Launching a kernel is a large point of pain when dealing with the C API of both OpenCL and (only marginally less horrible) CUDA, due to the complete lack of type safety and having to use the & operator into a void* far too much. In DCompute this incantation simply becomes

Event e = q.enqueue!(saxpy)([N])(b_res, alpha, b_x, b_y, N);

for OpenCL (1D with N work items), and

q.enqueue!(saxpy)([N, 1, 1], [1 ,1 ,1])(b_res, alpha, b_x, b_y, N);

for CUDA (equivalent to saxpy<<<N,1,0,q>>>(b_res,alpha,b_x,b_y, N);)
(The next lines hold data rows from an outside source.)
lemma mult_minus_distrib_square:
  "A \<in> carrier_mat n n \<Longrightarrow> B \<in> carrier_mat n n \<Longrightarrow> C \<in> carrier_mat n n
  \<Longrightarrow> A * (B - C) = A * B - A * (C :: complex mat)"
  "A \<in> carrier_mat n n \<Longrightarrow> B \<in> carrier_mat n n \<Longrightarrow> C \<in> carrier_mat n n
  \<Longrightarrow> (B - C) * A = B * A - C * (A :: complex mat)"
  by (rule mult_minus_distrib_mat minus_mult_distrib_mat; assumption)+

lemma eq_if_minus_eq_zero:
  "A \<in> carrier_mat n n \<Longrightarrow> B \<in> carrier_mat n n \<Longrightarrow> A - B = 0\<^sub>m n n \<Longrightarrow> A = (B :: complex mat)"
  by (rule eq_matI) (auto, metis carrier_matD index_minus_mat(1) index_zero_mat(1) right_minus_eq)

lemma col_sp_pow_mat_index:
  assumes A: "A \<in> carrier_mat n n"
  shows "col_sp (A ^\<^sub>m mat_index A) = col_sp (A ^\<^sub>m (mat_index A + 1))"
proof -
  obtain N Y where Y: "Y \<in> carrier_mat n n" "A ^\<^sub>m N = A ^\<^sub>m Suc N * Y"
    using powers_stabilize_complex_mat[OF A] unfolding powers_stabilize_def by auto
  have "col_sp (A ^\<^sub>m N) = col_sp (A ^\<^sub>m (N + 1))"
  proof (rule col_sp_eqI[OF _ _ Y(1)])
    show "A ^\<^sub>m N = A ^\<^sub>m (N + 1) * Y" using Y(2) by simp
    show "A ^\<^sub>m (N + 1) = A ^\<^sub>m N * A" by (simp add: pow_mat.simps(2))
  qed (use A in auto)
  then show ?thesis unfolding mat_index_def by (rule LeastI)
qed

lemma pow_mat_index_factor_ge:
  assumes A: "A \<in> carrier_mat n n" and j: "mat_index A \<le> j"
  shows "\<exists>Z \<in> carrier_mat n n. A ^\<^sub>m mat_index A = A ^\<^sub>m j * Z"
proof -
  let ?k = "mat_index A"
  obtain Z0 where Z0: "Z0 \<in> carrier_mat n n" "A ^\<^sub>m ?k = A ^\<^sub>m Suc ?k * Z0"
    using col_sp_pow_mat_index[OF A] col_sp_eq_iff[of "A ^\<^sub>m ?k" n n "A ^\<^sub>m Suc ?k" n] A by auto
  have "\<exists>Z \<in> carrier_mat n n. A ^\<^sub>m ?k = A ^\<^sub>m (?k + d) * Z" for d
  proof (induct d)
    case 0
    show ?case using A by (intro bexI[of _ "1\<^sub>m n"]) auto
  next
    case (Suc d)
    then obtain Z where Z: "Z \<in> carrier_mat n n" "A ^\<^sub>m ?k = A ^\<^sub>m (?k + d) * Z" by auto
    have "A ^\<^sub>m (?k + d) = A ^\<^sub>m Suc (?k + d) * Z0" by (rule pow_mat_stable_shift[OF A Z0]) simp
    then have "A ^\<^sub>m ?k = A ^\<^sub>m (?k + Suc d) * (Z0 * Z)" using Z Z0 A by simp
    then show ?case using Z Z0 by (intro bexI[of _ "Z0 * Z"]) auto
  qed
  from this[of "j - ?k"] show ?thesis using j by simp
qed

lemma col_sp_pow_mat_ge_index:
  assumes A: "A \<in> carrier_mat n n" and j: "mat_index A \<le> j"
  shows "col_sp (A ^\<^sub>m j) = col_sp (A ^\<^sub>m mat_index A)"
proof -
  obtain Z where "Z \<in> carrier_mat n n" "A ^\<^sub>m mat_index A = A ^\<^sub>m j * Z"
    using pow_mat_index_factor_ge[OF A j] by auto
  moreover have "A ^\<^sub>m j = A ^\<^sub>m mat_index A * A ^\<^sub>m (j - mat_index A)"
    using pow_mat_add[OF A, of "mat_index A" "j - mat_index A"] j by simp
  ultimately show ?thesis using col_sp_eqI A by (metis pow_carrier_mat)
qed

lemma pow_mat_index_left_factor:
  assumes A: "A \<in> carrier_mat n n"
  shows "\<exists>W \<in> carrier_mat n n. A ^\<^sub>m mat_index A = W * A ^\<^sub>m Suc (mat_index A)"
proof -
  let ?k = "mat_index A"
  obtain N Y where Y: "Y \<in> carrier_mat n n" "A\<^sup>H ^\<^sub>m N = A\<^sup>H ^\<^sub>m Suc N * Y"
    using powers_stabilize_complex_mat[of "A\<^sup>H" n] A unfolding powers_stabilize_def by auto
  have "(A\<^sup>H ^\<^sub>m i)\<^sup>H = A ^\<^sub>m i" for i using mat_adjoint_pow[of "A\<^sup>H" n i] A by simp
  then have left: "A ^\<^sub>m N = Y\<^sup>H * A ^\<^sub>m Suc N"
    using arg_cong[OF Y(2), of mat_adjoint] Y(1) A by simp
  define M where "M = N + ?k"
  have "A ^\<^sub>m M = Y\<^sup>H * A ^\<^sub>m Suc M"
  proof -
    have "A ^\<^sub>m M = A ^\<^sub>m N * A ^\<^sub>m ?k" unfolding M_def by (rule pow_mat_add[OF A])
    also have "\<dots> = Y\<^sup>H * (A ^\<^sub>m Suc N * A ^\<^sub>m ?k)" unfolding left using A Y by simp
    also have "A ^\<^sub>m Suc N * A ^\<^sub>m ?k = A ^\<^sub>m Suc M"
      unfolding M_def using pow_mat_add[OF A, of "Suc N" ?k] by simp
    finally show ?thesis .
  qed
  moreover obtain Z where Z: "Z \<in> carrier_mat n n" "A ^\<^sub>m ?k = A ^\<^sub>m M * Z"
    using pow_mat_index_factor_ge[OF A, of M] unfolding M_def by auto
  moreover have "A ^\<^sub>m Suc ?k = A ^\<^sub>m Suc M * Z"
    unfolding pow_mat_Suc_left[OF A] Z(2) using A Z by simp
  ultimately have "A ^\<^sub>m ?k = Y\<^sup>H * A ^\<^sub>m Suc ?k" using A Y(1) by simp
  then show ?thesis using Y(1) by auto
qed

subsection \<open>Moore--Penrose inverse\<close>

lemma hermitian_pow_cancel:
  assumes H: "(H :: complex mat) \<in> carrier_mat n n" and herm: "H\<^sup>H = H" and E: "E \<in> carrier_mat n n"
    and zero: "H ^\<^sub>m Suc (Suc i) * E = 0\<^sub>m n n"
  shows "H ^\<^sub>m Suc i * E = 0\<^sub>m n n"
proof -
  have Hi: "H ^\<^sub>m j \<in> carrier_mat n n" for j using H by simp
  have herm_pow: "(H ^\<^sub>m j)\<^sup>H = H ^\<^sub>m j" for j using mat_adjoint_pow[OF H] herm by simp
  define W where "W = H ^\<^sub>m Suc i * E"
  have W: "W \<in> carrier_mat n n" unfolding W_def using Hi E by simp
  have "W\<^sup>H * W = E\<^sup>H * (H ^\<^sub>m Suc i * H ^\<^sub>m Suc i) * E"
    unfolding W_def using Hi E herm_pow by simp
  also have "H ^\<^sub>m Suc i * H ^\<^sub>m Suc i = H ^\<^sub>m i * H ^\<^sub>m Suc (Suc i)"
    using pow_mat_add[OF H, of "Suc i" "Suc i"] pow_mat_add[OF H, of i "Suc (Suc i)"] by simp
  also have "E\<^sup>H * (H ^\<^sub>m i * H ^\<^sub>m Suc (Suc i)) * E = E\<^sup>H * H ^\<^sub>m i * (H ^\<^sub>m Suc (Suc i) * E)"
    using Hi E by simp
  also have "\<dots> = 0\<^sub>m n n" unfolding zero using Hi E by simp
  finally show ?thesis using mat_adjoint_mult_self_eq_zero[OF W] unfolding W_def by simp
qed

lemma hermitian_pow_mult_eq_zero:
  assumes H: "(H :: complex mat) \<in> carrier_mat n n" and herm: "H\<^sup>H = H" and E: "E \<in> carrier_mat n n"
  shows "H ^\<^sub>m Suc i * E = 0\<^sub>m n n \<Longrightarrow> H * E = 0\<^sub>m n n"
proof (induct i)
  case 0
  then show ?case using H by (simp add: pow_mat.simps(2))
next
  case (Suc i)
  then show ?case using hermitian_pow_cancel[OF H herm E] by blast
qed

lemma hermitian_inner_inverse:
  assumes H: "(H :: complex mat) \<in> carrier_mat n n" and herm: "H\<^sup>H = H"
  shows "\<exists>G \<in> carrier_mat n n. H * G * H = H"
proof -
  obtain N Y where Y: "Y \<in> carrier_mat n n" and stable: "H ^\<^sub>m N = H ^\<^sub>m Suc N * Y"
    using powers_stabilize_complex_mat[OF H] unfolding powers_stabilize_def by auto
  have Hi: "H ^\<^sub>m j \<in> carrier_mat n n" for j using H by simp
  define E where "E = 1\<^sub>m n - H * Y"
  have E: "E \<in> carrier_mat n n" unfolding E_def using H Y by simp
  have "H ^\<^sub>m N * E = H ^\<^sub>m N - H ^\<^sub>m N * H * Y"
    unfolding E_def using mult_minus_distrib_square(1)[of "H ^\<^sub>m N" "1\<^sub>m n" "H * Y"] H Y Hi by simp
  also have "H ^\<^sub>m N * H = H ^\<^sub>m Suc N" by (simp add: pow_mat.simps(2))
  also have "H ^\<^sub>m N - H ^\<^sub>m Suc N * Y = 0\<^sub>m n n" unfolding stable[symmetric] using Hi by simp
  finally have "H ^\<^sub>m Suc N * E = 0\<^sub>m n n"
    using pow_mat_Suc_left[OF H, of N] H Hi E by simp
  then have HE: "H * E = 0\<^sub>m n n" by (rule hermitian_pow_mult_eq_zero[OF H herm E])
  have HHY: "H * (H * Y) = H"
  proof (rule eq_if_minus_eq_zero[symmetric])
    show "H - H * (H * Y) = 0\<^sub>m n n"
      using HE unfolding E_def using mult_minus_distrib_square(1)[of H "1\<^sub>m n" "H * Y"] H Y by simp
  qed (use H Y in auto)
  define W where "W = H * Y * H - H"
  have W: "W \<in> carrier_mat n n" unfolding W_def using H Y by simp
  have "H * (H * (Y * H)) = (H * (H * Y)) * H" using H Y by simp
  then have "H * (H * (Y * H)) = H * H" unfolding HHY .
  then have HW: "H * W = 0\<^sub>m n n"
    unfolding W_def using mult_minus_distrib_square(1)[of H "H * Y * H" H] H Y by simp
  have "W\<^sup>H * W = (H * Y\<^sup>H * H - H) * W" unfolding W_def using H Y herm by simp
  also have "\<dots> = H * Y\<^sup>H * (H * W) - H * W"
    using mult_minus_distrib_square(2)[of W "H * Y\<^sup>H * H" H] H Y W by simp
  also have "\<dots> = 0\<^sub>m n n" unfolding HW using H Y by simp
  finally have "W = 0\<^sub>m n n" using mat_adjoint_mult_self_eq_zero[OF W] by simp
  then have "H * Y * H = H" using eq_if_minus_eq_zero[of "H * Y * H" H] H Y unfolding W_def by simp
  then show ?thesis using Y by blast
qed

lemma gram_inner_inverse:
  assumes C: "(C :: complex mat) \<in> carrier_mat n n" and G: "G \<in> carrier_mat n n"
    and inner: "(C\<^sup>H * C) * G * (C\<^sup>H * C) = C\<^sup>H * C"
  shows "C * (G * (C\<^sup>H * C)) = C" and "(C * (G * C\<^sup>H))\<^sup>H = C * (G * C\<^sup>H)"
proof -
  have inner': "C\<^sup>H * (C * (G * (C\<^sup>H * C))) = C\<^sup>H * C" using inner C G by simp
  define V where "V = C * (G * (C\<^sup>H * C)) - C"
  have V: "V \<in> carrier_mat n n" unfolding V_def using C G by simp
  have CV: "C\<^sup>H * V = 0\<^sub>m n n" unfolding V_def
    using mult_minus_distrib_square(1)[of "C\<^sup>H" "C * (G * (C\<^sup>H * C))" C] C G inner' by simp
  have "V\<^sup>H * V = (C\<^sup>H * (C * (G\<^sup>H * C\<^sup>H)) - C\<^sup>H) * V" unfolding V_def using C G by simp
  also have "\<dots> = C\<^sup>H * (C * (G\<^sup>H * (C\<^sup>H * V))) - C\<^sup>H * V"
    using mult_minus_distrib_square(2)[of V "C\<^sup>H * (C * (G\<^sup>H * C\<^sup>H))" "C\<^sup>H"] C G V by simp
  also have "\<dots> = 0\<^sub>m n n" unfolding CV using C G by simp
  finally have "V = 0\<^sub>m n n" using mat_adjoint_mult_self_eq_zero[OF V] by simp
  then show cancel: "C * (G * (C\<^sup>H * C)) = C"
    using eq_if_minus_eq_zero[of "C * (G * (C\<^sup>H * C))" C] C G unfolding V_def by simp
  have cancel': "C\<^sup>H * (C * (G\<^sup>H * C\<^sup>H)) = C\<^sup>H"
    using arg_cong[OF cancel, of mat_adjoint] C G by simp
  have "C * (G * C\<^sup>H) = C * (G * (C\<^sup>H * (C * (G\<^sup>H * C\<^sup>H))))" unfolding cancel' ..
  also have "\<dots> = (C * (G * (C\<^sup>H * C))) * (G\<^sup>H * C\<^sup>H)" using C G by simp
  also have "\<dots> = (C * (G * C\<^sup>H))\<^sup>H" unfolding cancel using C G by simp
  finally show "(C * (G * C\<^sup>H))\<^sup>H = C * (G * C\<^sup>H)" by simp
qed

definition is_MP_inv :: "complex mat \<Rightarrow> complex mat \<Rightarrow> bool" where
  "is_MP_inv A X \<longleftrightarrow> X \<in> carrier_mat n n \<and> A * X * A = A \<and> X * A * X = X \<and>
    (A * X)\<^sup>H = A * X \<and> (X * A)\<^sup>H = X * A"

text \<open>Urquhart's formula \<open>A\<^sup>H (A A\<^sup>H)\<^sup>- A (A\<^sup>H A)\<^sup>- A\<^sup>H\<close> for arbitrary inner inverses.\<close>

lemma MP_inverse_exists:
  assumes A: "(A :: complex mat) \<in> carrier_mat n n"
  shows "\<exists>X. is_MP_inv A X"
proof -
  obtain G1 where G1: "G1 \<in> carrier_mat n n" "(A\<^sup>H * A) * G1 * (A\<^sup>H * A) = A\<^sup>H * A"
    using hermitian_inner_inverse[of "A\<^sup>H * A"] A by auto
  obtain G2 where G2: "G2 \<in> carrier_mat n n" "(A * A\<^sup>H) * G2 * (A * A\<^sup>H) = A * A\<^sup>H"
    using hermitian_inner_inverse[of "A * A\<^sup>H"] A by auto
  have aA: "A\<^sup>H \<in> carrier_mat n n" using A by simp
  note gram1 = gram_inner_inverse[OF A G1]
  note gram2 = gram_inner_inverse[OF aA G2(1), unfolded mat_adjoint_adjoint, OF G2(2)]
  have "A * (A\<^sup>H * (G2\<^sup>H * A)) = A" using arg_cong[OF gram2(1), of mat_adjoint] A G2(1) by simp
  moreover have "A\<^sup>H * (G2\<^sup>H * A) = A\<^sup>H * (G2 * A)" using gram2(2) A G2(1) by simp
  ultimately have K: "A * (A\<^sup>H * (G2 * A)) = A" by simp
  define X where "X = A\<^sup>H * (G2 * (A * (G1 * A\<^sup>H)))"
  have X: "X \<in> carrier_mat n n" unfolding X_def using A G1 G2 by simp
  have "A * X = (A * (A\<^sup>H * (G2 * A))) * (G1 * A\<^sup>H)" unfolding X_def using A G1 G2 by simp
  then have AX: "A * X = A * (G1 * A\<^sup>H)" unfolding K .
  have "X * A = A\<^sup>H * (G2 * (A * (G1 * (A\<^sup>H * A))))" unfolding X_def using A G1 G2 by simp
  then have XA: "X * A = A\<^sup>H * (G2 * A)" unfolding gram1(1) .
  have "A * X * A = A * (G1 * (A\<^sup>H * A))" unfolding AX using A G1 by simp
  then have AXA: "A * X * A = A" unfolding gram1(1) .
  have "X * A * X = A\<^sup>H * (G2 * A) * X" unfolding XA ..
  also have "\<dots> = A\<^sup>H * (G2 * ((A * (A\<^sup>H * (G2 * A))) * (G1 * A\<^sup>H)))"
    unfolding X_def using A G1 G2 by simp
  finally have XAX: "X * A * X = X" unfolding K X_def .
  show ?thesis unfolding is_MP_inv_def using X AXA XAX AX XA gram1(2) gram2(2) by auto
qed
Where q is a queue, N is the length of buffers (b_res, b_x & b_y) and saxpy (single-precision a x plus y) is the kernel in this example. A full example may be found here, along with the magic that drives the OpenCL and CUDA enqueue functions.

The future of DCompute

While DCompute is functional, there is still much to do. The drivers still need some polish and user testing, and I need to set up continuous integration. A driver that unifies the different compute APIs is also in the works so that we can be even more cross-platform than the industry cross-platform standard.

Being able to convert SPIR-V into SPIR would enable targeting cl_khr_spir-capable 1.x and 2.0 CL implementations, dramatically increasing the number of devices that can run D kernel code (there’s nothing stopping you using the OpenCL driver for other kernels though).

On the compiler side of things, supporting OpenCL image and CUDA texture & surface operations in LDC would increase the applicability of the kernels that could be written.
I currently maintain a forward-ported fork of Khronos’s SPIR-V LLVM to generate SPIR-V from LLVM IR. I plan to use IWOCL to coordinate efforts to merge it into the LLVM trunk, and in doing so, remove the need for some of the hacks in place to deal with the oddities of the SPIR-V backend.

Using DCompute in your projects

If you want to use DCompute, you’ll need a recent LDC built against LLVM with the NVPTX (for CUDA) and/or SPIRV (for OpenCL 2.1+) targets enabled and should add "dcompute": "~>0.1.0" to your dub.json. LDC 1.4+ releases have NVPTX enabled. If you want to target OpenCL, you’ll need to build LDC yourself against my fork of LLVM.